For novices, large-scale help resources are always important.  

- Bioconductor's __[main portal](http://www.bioconductor.org)__ has sections devoted to installation, learning, using, and developing.  There is a twitter feed for those who need to keep close by.
- The __[support site](http://support.bioconductor.org)__ is active and friendly
- R has extensive help resources at __[CRAN](http://cran.r-project.org)__ and within any instance 

In [None]:
# help.start() -- may not work with notebooks but very useful in Rstudio or at command line

Documentation on any base or Bioconductor function can be found using the ?-operator 

In [None]:
?mean # use ?? to find documentation on functions in all installed packages

All good manual pages include executable examples

In [None]:
example(lm)

We can get 'package level' help -- a concise description and list of documented functions.

In [None]:
help(package="genefilter", help_type="html") # generates embedded view of DESCRIPTION and function index

Large-scale documentation that narrates and illustrates package (as opposed to function) capabilities is provided in vignettes.

In [None]:
vignette()

In [None]:
vignette("create_objects", package="pasilla")
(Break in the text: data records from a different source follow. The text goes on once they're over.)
lemma nth_twist_word:
  "i < length ws \<Longrightarrow> twist_word G c1 c2 y ws ! i =
     (fst (ws ! i), right_factor G c1 c2 (fst (ws ! i)) \<otimes>\<^bsub>G\<^esub> snd (ws ! i)
        \<otimes>\<^bsub>G\<^esub> left_factor G c1 c2 (hd (drop (Suc i) (map fst ws) @ [y])))"
proof (induction G c1 c2 y ws arbitrary: i rule: twist_word.induct)
  case (2 G c1 c2 y e d ws)
  then show ?case by (cases i) simp_all
qed simp

lemma twist_word_Pair_True:
  "twist_word G c1 c2 True (map (Pair True) ds)
     = map (Pair True) (map (\<lambda>d. c2 \<otimes>\<^bsub>G\<^esub> d \<otimes>\<^bsub>G\<^esub> c1) ds)"
  by (induction ds) (auto simp: left_factor_def right_factor_def hd_append hd_map)

lemma nth_twist_word_cyclic:
  assumes "i < length ws"
  shows "twist_word G c1 c2 (fst (hd ws)) ws ! i =
     (fst (ws ! i), right_factor G c1 c2 (fst (ws ! i)) \<otimes>\<^bsub>G\<^esub> snd (ws ! i)
        \<otimes>\<^bsub>G\<^esub> left_factor G c1 c2 (fst (ws ! (Suc i mod length ws))))"
proof -
  have "hd (map fst ws) = fst (hd ws)"
    using assms by (cases ws) simp_all
  moreover have "Suc i mod length ws < length ws"
    using assms by (cases ws) auto
  ultimately have next_sign:
    "hd (drop (Suc i) (map fst ws) @ [fst (hd ws)]) = fst (ws ! (Suc i mod length ws))"
    using assms hd_drop_Suc_append_hd[of i "map fst ws"] by simp
  show ?thesis
    by (simp only: nth_twist_word[OF assms] next_sign)
qed

context group
begin

lemma sign_pow_closed [simp]: "a \<in> carrier G \<Longrightarrow> sign_pow G a e \<in> carrier G"
  by (simp add: sign_pow_def)

lemma word_eval_closed [simp]:
  "a \<in> carrier G \<Longrightarrow> snd ` set ws \<subseteq> carrier G \<Longrightarrow> word_eval G a ws \<in> carrier G"
  by (induction ws) auto

lemma conj_eq_one_iff:
  assumes "u \<otimes> g = g \<otimes> v" "u \<in> carrier G" "g \<in> carrier G" "v \<in> carrier G"
  shows "u = \<one> \<longleftrightarrow> v = \<one>"
  using assms by (metis l_one r_one r_cancel_one l_cancel_one')

lemma sign_pow_double_coset:
  assumes "a \<in> carrier G" "c1 \<in> carrier G" "c2 \<in> carrier G"
  shows "sign_pow G (c1 \<otimes> a \<otimes> c2) e
    = left_factor G c1 c2 e \<otimes> sign_pow G a e \<otimes> right_factor G c1 c2 e"
  using assms by (simp add: sign_pow_def left_factor_def right_factor_def inv_mult_group m_assoc)

lemma left_factor_in_subgroup:
  "subgroup H G \<Longrightarrow> c1 \<in> H \<Longrightarrow> c2 \<in> H \<Longrightarrow> left_factor G c1 c2 e \<in> H"
  by (simp add: left_factor_def subgroup.m_inv_closed)

lemma right_factor_in_subgroup:
  "subgroup H G \<Longrightarrow> c1 \<in> H \<Longrightarrow> c2 \<in> H \<Longrightarrow> right_factor G c1 c2 e \<in> H"
  by (simp add: right_factor_def subgroup.m_inv_closed)

lemma twist_word_in_subgroup:
  assumes "subgroup H G" "c1 \<in> H" "c2 \<in> H" "snd ` set ws \<subseteq> H"
  shows "snd ` set (twist_word G c1 c2 y ws) \<subseteq> H"
  using assms(4)
  by (induction ws)
    (auto simp: assms(1-3) left_factor_in_subgroup right_factor_in_subgroup subgroup.m_closed
      image_subset_iff)

lemma right_factor_left_factor_Not_eq_one_iff:
  assumes "c1 \<in> carrier G" "c2 \<in> carrier G" "d \<in> carrier G"
  shows "right_factor G c1 c2 e \<otimes> d \<otimes> left_factor G c1 c2 (\<not> e) = \<one> \<longleftrightarrow> d = \<one>"
proof -
  define r where "r = right_factor G c1 c2 e"
  have r: "r \<in> carrier G" using assms by (simp add: r_def right_factor_def)
  have "left_factor G c1 c2 (\<not> e) = inv r"
    using assms by (simp add: r_def left_factor_def right_factor_def)
  moreover have "r \<otimes> d \<otimes> inv r \<otimes> r = r \<otimes> d"
    using r assms by (simp add: m_assoc)
  ultimately show ?thesis
    using conj_eq_one_iff[of "r \<otimes> d \<otimes> inv r" r d] r assms by (simp add: r_def)
qed

lemma word_eval_double_coset_twist_word:
  assumes "a \<in> carrier G" "c1 \<in> carrier G" "c2 \<in> carrier G" "snd ` set ws \<subseteq> carrier G"
  shows "word_eval G (c1 \<otimes> a \<otimes> c2) ws \<otimes> left_factor G c1 c2 y
    = left_factor G c1 c2 (hd (map fst ws @ [y])) \<otimes> word_eval G a (twist_word G c1 c2 y ws)"
  using assms(4)
proof (induction ws)
  case Nil
  then show ?case using assms by (simp add: left_factor_def)
next
  case (Cons p ws)
  obtain e d where p: "p = (e, d)" by fastforce
  define L where "L = left_factor G c1 c2"
  define R where "R = right_factor G c1 c2"
  define y' where "y' = hd (map fst ws @ [y])"
  have d: "d \<in> carrier G" and ws: "snd ` set ws \<subseteq> carrier G"
    using Cons.prems p by auto
  have carrier: "L e' \<in> carrier G" "R e' \<in> carrier G" "sign_pow G a e' \<in> carrier G" for e'
    using assms subgroup_self left_factor_in_subgroup right_factor_in_subgroup
    by (auto simp: L_def R_def)
  have twist_ws: "snd ` set (twist_word G c1 c2 y ws) \<subseteq> carrier G"
    using twist_word_in_subgroup[OF subgroup_self] assms ws by blast
  have "word_eval G (c1 \<otimes> a \<otimes> c2) (p # ws) \<otimes> L y
      = L e \<otimes> sign_pow G a e \<otimes> R e \<otimes> d \<otimes> (word_eval G (c1 \<otimes> a \<otimes> c2) ws \<otimes> L y)"
    using assms carrier d ws
    by (simp add: p sign_pow_double_coset L_def R_def) (simp add: m_assoc)
  also have "\<dots> = L e \<otimes> sign_pow G a e \<otimes> R e \<otimes> d \<otimes> (L y' \<otimes> word_eval G a (twist_word G c1 c2 y ws))"
    using Cons.IH ws by (simp add: L_def y'_def)
  also have "\<dots> = L e \<otimes> word_eval G a (twist_word G c1 c2 y (p # ws))"
    using assms carrier d twist_ws by (simp add: p L_def R_def y'_def m_assoc)
  finally show ?case by (simp add: p L_def)
qed

lemma word_eval_double_coset_eq_one_iff:
  assumes "a \<in> carrier G" "c1 \<in> carrier G" "c2 \<in> carrier G" "snd ` set ws \<subseteq> carrier G"
    and "ws \<noteq> []"
  shows "word_eval G (c1 \<otimes> a \<otimes> c2) ws = \<one>
    \<longleftrightarrow> word_eval G a (twist_word G c1 c2 (fst (hd ws)) ws) = \<one>"
proof -
  have "hd (map fst ws @ [fst (hd ws)]) = fst (hd ws)"
    using assms(5) by (cases ws) simp_all
  moreover have "left_factor G c1 c2 e \<in> carrier G" for e
    using assms by (simp add: left_factor_def)
  moreover have "snd ` set (twist_word G c1 c2 (fst (hd ws)) ws) \<subseteq> carrier G"
    using twist_word_in_subgroup[OF subgroup_self] assms by blast
  ultimately show ?thesis
    using word_eval_double_coset_twist_word[OF assms(1-4), of "fst (hd ws)"] assms
    by (intro conj_eq_one_iff[where g = "left_factor G c1 c2 (fst (hd ws))"]) simp_all
qed

lemma foldr_double_coset_eq_one_iff:
  assumes "a \<in> carrier G" "c1 \<in> carrier G" "c2 \<in> carrier G" "set ds \<subseteq> carrier G"
  shows "foldr (\<lambda>d acc. (c1 \<otimes> a \<otimes> c2) \<otimes> d \<otimes> acc) ds \<one> = \<one>
    \<longleftrightarrow> foldr (\<lambda>d acc. a \<otimes> d \<otimes> acc) (map (\<lambda>d. c2 \<otimes> d \<otimes> c1) ds) \<one> = \<one>"
proof -
  have "snd ` set (map (Pair True) ds) \<subseteq> carrier G"
    using assms(4) by auto
  from word_eval_double_coset_twist_word[OF assms(1-3) this, of True]
  have "word_eval G (c1 \<otimes> a \<otimes> c2) (map (Pair True) ds) \<otimes> c1
      = c1 \<otimes> word_eval G a (map (Pair True) (map (\<lambda>d. c2 \<otimes> d \<otimes> c1) ds))"
    by (simp add: twist_word_Pair_True left_factor_def hd_append hd_map)
  then show ?thesis
    unfolding foldr_eq_word_eval_Pair_True
    using assms by (intro conj_eq_one_iff[where g = c1]) (auto intro!: word_eval_closed simp: subset_iff)
qed

lemma double_coset_mem_subgroup_iff:
  assumes "subgroup D G" "c1 \<in> D" "c2 \<in> D" "a \<in> carrier G"
  shows "c1 \<otimes> a \<otimes> c2 \<in> D \<longleftrightarrow> a \<in> D"
proof
  have c: "c1 \<in> carrier G" "c2 \<in> carrier G"
    using assms subgroup.subset by blast+
  assume "c1 \<otimes> a \<otimes> c2 \<in> D"
  then have "inv c1 \<otimes> (c1 \<otimes> a \<otimes> c2) \<otimes> inv c2 \<in> D"
    using assms by (simp add: subgroup.m_closed subgroup.m_inv_closed)
  then show "a \<in> D"
    using assms(4) c by (simp add: m_assoc[symmetric]) (simp add: m_assoc)
next
  assume "a \<in> D"
  then show "c1 \<otimes> a \<otimes> c2 \<in> D"
    using assms by (simp add: subgroup.m_closed)
qed

lemma rf_word_twist_word:
  assumes D: "subgroup D G" "c1 \<in> D" "c2 \<in> D" and ws: "rf_word G D n ws"
  shows "rf_word G D n (twist_word G c1 c2 (fst (hd ws)) ws)"
proof -
  define ws' where "ws' = twist_word G c1 c2 (fst (hd ws)) ws"
  have c: "c1 \<in> carrier G" "c2 \<in> carrier G"
    using D subgroup.subset by blast+
  have letters: "snd ` set ws \<subseteq> D"
    using ws by (auto simp: rf_word_def)
  have "snd ` set ws' \<subseteq> D"
    unfolding ws'_def using twist_word_in_subgroup[OF D letters] .
  moreover have "snd (ws' ! i) \<noteq> \<one>"
    if i: "i < length ws'" and sign_change: "fst (ws' ! i) \<noteq> fst (ws' ! ((i + 1) mod length ws'))"
    for i
  proof -
    define j where "j = Suc i mod length ws"
    have "i < length ws"
      using i by (simp add: ws'_def)
    moreover have "j < length ws"
      using \<open>i < length ws\<close> by (cases ws) (simp_all add: j_def)
    ultimately have "fst (ws ! i) \<noteq> fst (ws ! j)"
      using sign_change by (simp add: ws'_def j_def nth_twist_word_cyclic)
    then have next_sign: "fst (ws ! j) = (\<not> fst (ws ! i))" and "snd (ws ! i) \<noteq> \<one>"
      using ws \<open>i < length ws\<close> by (auto simp: rf_word_def j_def)
    moreover have "snd (ws ! i) \<in> carrier G"
      using letters \<open>i < length ws\<close> D(1) subgroup.subset by fastforce
    ultimately show ?thesis
      using \<open>i < length ws\<close> right_factor_left_factor_Not_eq_one_iff[OF c]
      by (simp add: ws'_def nth_twist_word_cyclic next_sign flip: j_def)
  qed
  ultimately show ?thesis
    using ws
    by (simp add: rf_word_def ws'_def image_subset_iff length_filter_twist_word[of "\<lambda>e. e"]
        length_filter_twist_word[of Not])
qed

lemma n_RF_double_coset:
  assumes D: "subgroup D G" "c1 \<in> D" "c2 \<in> D" and "n_RF G D n a"
  shows "n_RF G D n (c1 \<otimes> a \<otimes> c2)"
proof -
  have a: "a \<in> carrier G - D" and a_RF: "\<And>ws. rf_word G D n ws \<Longrightarrow> word_eval G a ws \<noteq> \<one>"
    using assms(4) by (auto simp: n_RF_iff_rf_word)
  have c: "c1 \<in> carrier G" "c2 \<in> carrier G"
    using D subgroup.subset by blast+
  have "word_eval G (c1 \<otimes> a \<otimes> c2) ws \<noteq> \<one>" if ws: "rf_word G D n ws" for ws
  proof -
    have "snd ` set ws \<subseteq> carrier G" "ws \<noteq> []"
      using ws D(1) subgroup.subset by (fastforce simp: rf_word_def)+
    then show ?thesis
      using a c a_RF[OF rf_word_twist_word[OF D ws]] word_eval_double_coset_eq_one_iff by blast
  qed
  moreover have "c1 \<otimes> a \<otimes> c2 \<in> carrier G - D"
    using a c double_coset_mem_subgroup_iff[OF D] by simp
  ultimately show ?thesis
    by (simp add: n_RF_iff_rf_word)
qed

lemma n_RTF_double_coset:
  assumes D: "subgroup D G" "c1 \<in> D" "c2 \<in> D" and "n_RTF G D n a"
  shows "n_RTF G D n (c1 \<otimes> a \<otimes> c2)"
proof -
  have a: "a \<in> carrier G - D"
    and a_RTF: "\<And>ds. set ds \<subseteq> D \<Longrightarrow> 1 \<le> length ds \<Longrightarrow> enat (length ds) < n
      \<Longrightarrow> foldr (\<lambda>d acc. a \<otimes> d \<otimes> acc) ds \<one> \<noteq> \<one>"
    using assms(4) by (auto simp: n_RTF_def)
  have c: "c1 \<in> carrier G" "c2 \<in> carrier G"
    using D subgroup.subset by blast+
  have "foldr (\<lambda>d acc. (c1 \<otimes> a \<otimes> c2) \<otimes> d \<otimes> acc) ds \<one> \<noteq> \<one>"
    if ds: "set ds \<subseteq> D" "1 \<le> length ds" "enat (length ds) < n" for ds
  proof -
    have "set (map (\<lambda>d. c2 \<otimes> d \<otimes> c1) ds) \<subseteq> D"
      using ds(1) D by (auto simp: subgroup.m_closed)
    moreover have "set ds \<subseteq> carrier G"
      using ds(1) D(1) subgroup.subset by blast
    ultimately show ?thesis
      using a c ds a_RTF[of "map (\<lambda>d. c2 \<otimes> d \<otimes> c1) ds"] foldr_double_coset_eq_one_iff by auto
  qed
  moreover have "c1 \<otimes> a \<otimes> c2 \<in> carrier G - D"
    using a c double_coset_mem_subgroup_iff[OF D] by simp
  ultimately show ?thesis
    by (simp add: n_RTF_def)
qed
In summary: documentation for Bioconductor and R utilities is diverse but discovery is supported in many ways.  RTFM.

## Data structure and management for genome-scale experiments

Data management is often regarded as a specialized and tedious dimension of scientific research. 

- Because failures of data management are extremely costly in terms of resources and reputation, highly reliable and efficient methods are essential. 
- Customary lab science practice of maintaining data in spreadsheets is regarded as risky. We want to add value to data by making it easier to follow reliable data management practices.

In Bioconductor, principles that guide software development are applied in data management strategy. 

- High value accrues to data structures that are modular and extensible. 
- Packaging and version control protocols apply to data class definitions. 
- We will motivate and illustrate these ideas by 
    - giving examples of transforming spreadsheets to semantically rich objects, 
    - working with the NCBI GEO archive, 
    - dealing with families of BAM and BED files, and (optionally)
    - using external storage to foster coherent interfaces to large multiomic archives like TCGA.

### Coordinating information from multiple tables

With the GSE5859Subset package, we illustrate a "natural" approach to collecting microarray data and its annotation.

In [None]:
library(GSE5859Subset)
data(GSE5859Subset) # will 'create' geneExpression, sampleInfo, geneAnnotation

In [None]:
dim(geneExpression)

In [None]:
head(geneExpression[,1:5])

In [None]:
head(sampleInfo)

In [None]:
head(geneAnnotation)

Here we have three objects in R that are conceptually linked.  We notice that `sampleInfo` has an ethnicity token and that the column names for the `geneExpression` table are similar in format to the `filename` field of `sampleInfo`.  Let's check that they in fact agree:

In [None]:
all(sampleInfo$filename == colnames(geneExpression))

In [None]:
table(sampleInfo$group)

In [None]:
# What is the distribution of ethnicity in this dataset?